Junto al retrato de su
hijo Emmanuel están las obras completas del colombiano Gabriel García Márquez,
al que entrevistó muchísimas veces. Cuando Vargas Llosa le dio aquel puñetazo
en la cara, Elena estaba allí. “Elenita cuenta que por él no fue buena
reportera”, dice el escritor Pável Granados. “Porque mientras Ana Cecilia
Treviño, la Bambi, editora de la Sección B de cultura y sociales del diario
Excélsior, salió corriendo a dar la nota, Elenita fue por un bistec crudo para
bajarle la hinchazón. Le ganaron la primicia”.
Tampoco faltan libros
de Octavio Paz. Cuenta Poniatowska que lo admiró cada día de su vida y se
escribieron con frecuencia. Lo conoció cuando había recién llegado de su
residencia en París, en 1954, con su entonces esposa Elena Garro, en una cena
que le preparó Carlos Fuentes en su casa de la calle Tíbet.
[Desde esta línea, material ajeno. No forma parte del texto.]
lemma cellwise_has_integral_UNIV:
  assumes "\<And>j. j < N \<Longrightarrow> continuous_on {g j..g (Suc j)} (fs j)"
  shows "(cellwise N g fs has_integral (\<Sum>j<N. integral {g j..g (Suc j)} (fs j))) UNIV"
  unfolding cellwise_def
proof (rule has_integral_sum)
  fix j assume "j \<in> {..<N}"
  then have "(fs j has_integral integral {g j..g (Suc j)} (fs j)) {g j..g (Suc j)}"
    using assms integrable_continuous_real by blast
  then have "(fs j has_integral integral {g j..g (Suc j)} (fs j)) {g j<..<g (Suc j)}"
    by (simp add: has_integral_Icc_iff_Ioo)
  then have "((\<lambda>x. if x \<in> {g j<..<g (Suc j)} then fs j x else 0)
               has_integral integral {g j..g (Suc j)} (fs j)) UNIV"
    by (simp only: has_integral_restrict_UNIV)
  moreover have "(\<lambda>x. if x \<in> {g j<..<g (Suc j)} then fs j x else 0)
      = (\<lambda>x. fs j x * indicator {g j<..<g (Suc j)} x)"
    by (auto simp: indicator_def)
  ultimately show "((\<lambda>x. fs j x * indicator {g j<..<g (Suc j)} x)
               has_integral integral {g j..g (Suc j)} (fs j)) UNIV"
    by simp
qed simp

lemma cellwise_has_integral_interval:
  assumes g: "increasing_grid N g" and nm: "n \<le> m" "m \<le> N"
    and c: "\<And>j. j < N \<Longrightarrow> continuous_on {g j..g (Suc j)} (fs j)"
  shows "(cellwise N g fs has_integral (\<Sum>j\<in>{n..<m}. integral {g j..g (Suc j)} (fs j))) {g n..g m}"
proof -
  let ?hs = "\<lambda>j x. if n \<le> j \<and> j < m then fs j x else 0"
  have "(cellwise N g ?hs has_integral (\<Sum>j<N. integral {g j..g (Suc j)} (?hs j))) UNIV"
  proof (rule cellwise_has_integral_UNIV)
    show "continuous_on {g j..g (Suc j)} (?hs j)" if "j < N" for j
      using c[OF that] by (cases "n \<le> j \<and> j < m") auto
  qed
  moreover have "(\<Sum>j<N. integral {g j..g (Suc j)} (?hs j))
      = (\<Sum>j\<in>{n..<m}. integral {g j..g (Suc j)} (fs j))"
  proof -
    have "(\<Sum>j<N. integral {g j..g (Suc j)} (?hs j))
        = (\<Sum>j<N. if n \<le> j \<and> j < m then integral {g j..g (Suc j)} (fs j) else 0)"
      by (intro sum.cong) auto
    also have "\<dots> = (\<Sum>j\<in>{j\<in>{..<N}. n \<le> j \<and> j < m}. integral {g j..g (Suc j)} (fs j))"
      by (rule sum.inter_filter[symmetric]) simp
    also have "{j\<in>{..<N}. n \<le> j \<and> j < m} = {n..<m}" using nm by auto
    finally show ?thesis .
  qed
  ultimately have "((\<lambda>x. if x \<in> {g n..g m} then cellwise N g fs x else 0) has_integral
      (\<Sum>j\<in>{n..<m}. integral {g j..g (Suc j)} (fs j))) UNIV"
    by (simp only: cellwise_restrict_interval[OF g nm])
  then show ?thesis by (simp only: has_integral_restrict_UNIV)
qed

section \<open>Orthogonal projections for the \<open>L\<^sup>2\<close> pairing\<close>

interpretation fun_vs: vector_space "\<lambda>(c::real) (f::real \<Rightarrow> real) x. c * f x"
  by unfold_locales (auto simp: fun_eq_iff algebra_simps)

definition L2_inner :: "(real \<Rightarrow> real) \<Rightarrow> (real \<Rightarrow> real) \<Rightarrow> real" where
  "L2_inner f h = integral UNIV (\<lambda>x. f x * h x)"

lemma L2_inner_commute: "L2_inner f h = L2_inner h f"
  unfolding L2_inner_def by (simp add: mult.commute)

locale L2_inner_space =
  fixes T :: "(real \<Rightarrow> real) set"
  assumes subspace: "fun_vs.subspace T"
    and integrable_mult: "\<lbrakk>f \<in> T; h \<in> T\<rbrakk> \<Longrightarrow> (\<lambda>x. f x * h x) integrable_on UNIV"
    and definite: "\<lbrakk>f \<in> T; L2_inner f f = 0\<rbrakk> \<Longrightarrow> f = 0"
begin

lemma inner_diff_scale_left:
  assumes "f \<in> T" "h \<in> T" "q \<in> T"
  shows "L2_inner (\<lambda>x. f x - c * h x) q = L2_inner f q - c * L2_inner h q"
proof -
  have "L2_inner (\<lambda>x. f x - c * h x) q = integral UNIV (\<lambda>x. f x * q x - c * (h x * q x))"
    unfolding L2_inner_def by (simp add: algebra_simps)
  also have "\<dots> = L2_inner f q - c * L2_inner h q"
    unfolding L2_inner_def using integrable_mult[OF assms(1,3)] integrable_mult[OF assms(2,3)]
    by (subst integral_diff) (auto intro: integrable_on_mult_right)
  finally show ?thesis .
qed

lemma inner_add_scale_right:
  assumes "f \<in> T" "h \<in> T" "q \<in> T"
  shows "L2_inner q (\<lambda>x. f x + c * h x) = L2_inner q f + c * L2_inner q h"
  using inner_diff_scale_left[OF assms, of "- c"] by (simp add: L2_inner_commute)

lemma diff_scale_mem:
  assumes "f \<in> T" "h \<in> T"
  shows "(\<lambda>x. f x - c * h x) \<in> T"
proof -
  have "(\<lambda>x. c * h x) \<in> T" using fun_vs.subspace_scale[OF subspace assms(2)] .
  then have "f - (\<lambda>x. c * h x) \<in> T" using fun_vs.subspace_diff[OF subspace assms(1)] by blast
  then show ?thesis by (simp add: fun_diff_def)
qed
El editor y
periodista Braulio Peralta rescata del tomo cuatro de sus Obras Completas lo
que escribió el poeta de vuelta en el país: “Terminé por regresar… Un México
distinto. Nuevos amigos: Carlos Fuentes, Jorge Portilla, Ramón y Ana Xirau,
Elena Poniatowska, Jaime García Terrés…”.
—Lo quise mucho. En
aquella cena yo iba de impertinente a preguntarle qué le parecía ser el becerro
de oro, porque todo mundo le rendía pleitesía. Y recuerdo que después en mi
casa de la Del Valle había un ahuehuete enorme y Paz le dedicó un poema. Sólo
que ya no me acuerdo cómo le puso… Al rato investigamos. Pero le hice muchas
entrevistas, hubo muchas conversaciones entre nosotros, eran como duelos de
espadas, decía Paz.
En una entrevista con
Braulio Peralta, Paz señala que desde un inicio Elena Poniatowska le pareció
una mujer encantadora, inteligente, que le sorprendió “primero por su vivacidad
y por su inmensa simpatía; inmediatamente después, porque empecé a leer sus
textos, que me encantaron: había introducido en el periodismo mexicano una
frescura, una gracia, una imaginación que la hacían algo muy distinto. Única”.
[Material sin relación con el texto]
inductive_set poly_closure :: "(real \<Rightarrow> real) set \<Rightarrow> (real \<Rightarrow> real) set" for T where
  generator: "t \<in> T \<Longrightarrow> t \<in> poly_closure T"
| const: "(\<lambda>x. c) \<in> poly_closure T"
| add: "a \<in> poly_closure T \<Longrightarrow> b \<in> poly_closure T \<Longrightarrow> (\<lambda>x. a x + b x) \<in> poly_closure T"
| mult: "a \<in> poly_closure T \<Longrightarrow> b \<in> poly_closure T \<Longrightarrow> (\<lambda>x. a x * b x) \<in> poly_closure T"

lemma poly_closure_deriv_closed:
  assumes gen: "\<And>t. t \<in> T \<Longrightarrow> \<exists>h\<in>poly_closure T. \<forall>x\<in>U. DERIV t x :> h x"
    and "s \<in> poly_closure T"
  shows "\<exists>h\<in>poly_closure T. \<forall>x\<in>U. DERIV s x :> h x"
  using \<open>s \<in> poly_closure T\<close>
proof (induction rule: poly_closure.induct)
  case (generator t)
  then show ?case by (rule gen)
next
  case (const c)
  show ?case by (rule bexI[of _ "\<lambda>x. 0", OF _ poly_closure.const]) simp
next
  case (add a b)
  then obtain ha hb where "ha \<in> poly_closure T" "hb \<in> poly_closure T"
    "\<forall>x\<in>U. DERIV a x :> ha x" "\<forall>x\<in>U. DERIV b x :> hb x" by blast
  then show ?case by (intro bexI[of _ "\<lambda>x. ha x + hb x"] poly_closure.add) (auto intro: DERIV_add)
next
  case (mult a b)
  then obtain ha hb where "ha \<in> poly_closure T" "hb \<in> poly_closure T"
    "\<forall>x\<in>U. DERIV a x :> ha x" "\<forall>x\<in>U. DERIV b x :> hb x" by blast
  with mult.hyps show ?case
    by (intro bexI[of _ "\<lambda>x. a x * hb x + ha x * b x"] poly_closure.add poly_closure.mult)
      (auto intro: DERIV_mult')
qed

lemma smooth_on_poly_closure:
  assumes "open U" "\<And>t. t \<in> T \<Longrightarrow> \<exists>h\<in>poly_closure T. \<forall>x\<in>U. DERIV t x :> h x"
    and "s \<in> poly_closure T"
  shows "smooth_on U s"
  by (rule smooth_on_deriv_closed[OF assms(1) poly_closure_deriv_closed[OF assms(2)] assms(3)])

text \<open>The derivatives of \<open>g \<circ> f\<close> are polynomials in the derivatives of \<open>f\<close> and in the
  functions \<open>(deriv ^^ k) g \<circ> f\<close>.\<close>
lemma smooth_on_compose:
  assumes U: "open U" and f: "smooth_on U f" and g: "smooth_on V g" and fUV: "f ` U \<subseteq> V"
  shows "smooth_on U (g \<circ> f)"
proof -
  define T where "T = range (\<lambda>k. (deriv ^^ k) f) \<union> range (\<lambda>k. (deriv ^^ k) g \<circ> f)"
  have f_T: "(deriv ^^ j) f \<in> poly_closure T" for j
    unfolding T_def by (intro poly_closure.generator UnI1 rangeI)
  have g_T: "(deriv ^^ j) g \<circ> f \<in> poly_closure T" for j
    unfolding T_def by (intro poly_closure.generator UnI2 rangeI)
  have "\<exists>h\<in>poly_closure T. \<forall>x\<in>U. DERIV t x :> h x" if "t \<in> T" for t
  proof -
    from that consider k where "t = (deriv ^^ k) f" | k where "t = (deriv ^^ k) g \<circ> f"
      unfolding T_def by blast
    then show ?thesis
    proof cases
      case 1
      then show ?thesis using smooth_on_has_higher_deriv[OF f] f_T by blast
    next
      case 2
      have "DERIV t x :> ((deriv ^^ Suc k) g \<circ> f) x * (deriv ^^ Suc 0) f x" if x: "x \<in> U" for x
      proof -
        have "f x \<in> V" using fUV x by blast
        moreover have "DERIV f x :> (deriv ^^ Suc 0) f x"
          using smooth_on_has_higher_deriv[OF f x, of 0] by simp
        ultimately show ?thesis
          using DERIV_chain[where g = f, OF smooth_on_has_higher_deriv[OF g]] 2 by simp
      qed
      then show ?thesis by (intro bexI[OF _ poly_closure.mult[OF g_T f_T]]) blast
    qed
  qed
  moreover have "g \<circ> f \<in> poly_closure T" using g_T[of 0] by simp
  ultimately show ?thesis by (rule smooth_on_poly_closure[OF U])
qed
Pero lo cierto es que durante un tiempo, a finales de los años ochenta, hubo un
distanciamiento entre ambos: al poeta ya no le agradaba que Poniatowska todavía
tuviera inclinaciones políticas de izquierda tan arraigadas, cuando él, en
cambio, abanderaba una forma de pensamiento neoliberal y apoyaba a Carlos
Salinas de Gortari. Mucho menos le agradaba que Poniatowska escribiera sobre la
fotógrafa italiana y comunista Tina Modotti, protagonista de su novela Tinísima
(publicada en 1992), una mujer que, para Octavio Paz, cambiaba de ideas según
su amante en turno.
“El premio Nobel era
terriblemente anticomunista, estaba muy derechizado y acusó a Modotti de haber
sido pistolera de la KGB soviética —dice el periodista Humberto Musacchio—.
Tina Modotti nunca estuvo en eso, fue miembro del Socorro Rojo Internacional
que tenía otras funciones, era la agrupación de los sindicatos de izquierda que
apoyaba las causas obreras en todo el mundo. Se tiene que decir, además, que
Tinísima fue el primer intento de entrar a fondo en la obra de Tina Modotti.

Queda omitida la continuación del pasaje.